▶ _INSTRUCTIONS FOR THE TASK_:
All lines after the one containing "using assms by", together with that line itself, should be written out exactly, down to the last line of the entries below.

▶ _EXERCISE MATERIALS_:
━━━━

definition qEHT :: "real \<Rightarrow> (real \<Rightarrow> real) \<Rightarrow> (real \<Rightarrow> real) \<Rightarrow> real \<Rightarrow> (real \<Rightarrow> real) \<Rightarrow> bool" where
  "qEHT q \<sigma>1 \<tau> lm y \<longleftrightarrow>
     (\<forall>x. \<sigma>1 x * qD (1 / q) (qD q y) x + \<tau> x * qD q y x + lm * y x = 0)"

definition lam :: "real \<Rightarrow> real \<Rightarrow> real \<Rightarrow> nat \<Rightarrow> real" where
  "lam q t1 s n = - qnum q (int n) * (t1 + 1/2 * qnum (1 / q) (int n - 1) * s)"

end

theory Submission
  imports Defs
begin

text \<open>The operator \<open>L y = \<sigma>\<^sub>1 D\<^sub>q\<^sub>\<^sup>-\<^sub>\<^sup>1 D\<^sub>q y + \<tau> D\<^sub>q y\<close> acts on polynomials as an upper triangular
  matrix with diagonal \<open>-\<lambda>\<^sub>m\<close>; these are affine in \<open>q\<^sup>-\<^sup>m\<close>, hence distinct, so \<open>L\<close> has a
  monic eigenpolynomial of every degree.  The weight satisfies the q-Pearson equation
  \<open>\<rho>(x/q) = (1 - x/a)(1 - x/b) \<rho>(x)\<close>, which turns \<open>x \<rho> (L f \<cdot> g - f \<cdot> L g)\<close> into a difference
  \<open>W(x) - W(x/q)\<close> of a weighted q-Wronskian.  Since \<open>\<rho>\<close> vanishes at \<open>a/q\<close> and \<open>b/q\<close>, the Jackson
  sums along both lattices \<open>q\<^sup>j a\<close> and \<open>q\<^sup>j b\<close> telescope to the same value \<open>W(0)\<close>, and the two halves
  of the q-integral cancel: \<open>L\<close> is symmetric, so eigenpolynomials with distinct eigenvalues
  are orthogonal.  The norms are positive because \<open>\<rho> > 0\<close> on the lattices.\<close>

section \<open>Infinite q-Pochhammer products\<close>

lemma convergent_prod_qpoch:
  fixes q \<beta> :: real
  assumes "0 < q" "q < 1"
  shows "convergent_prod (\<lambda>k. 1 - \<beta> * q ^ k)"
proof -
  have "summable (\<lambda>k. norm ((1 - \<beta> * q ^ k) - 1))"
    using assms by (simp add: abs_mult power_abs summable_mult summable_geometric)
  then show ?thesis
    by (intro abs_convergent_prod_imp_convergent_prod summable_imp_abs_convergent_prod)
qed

━━━━

▶ _ANSWER BOX_:
    using assms by (simp add: abs_mult power_abs summable_mult summable_geometric)
  then show ?thesis
    by (intro abs_convergent_prod_imp_convergent_prod summable_imp_abs_convergent_prod)
qed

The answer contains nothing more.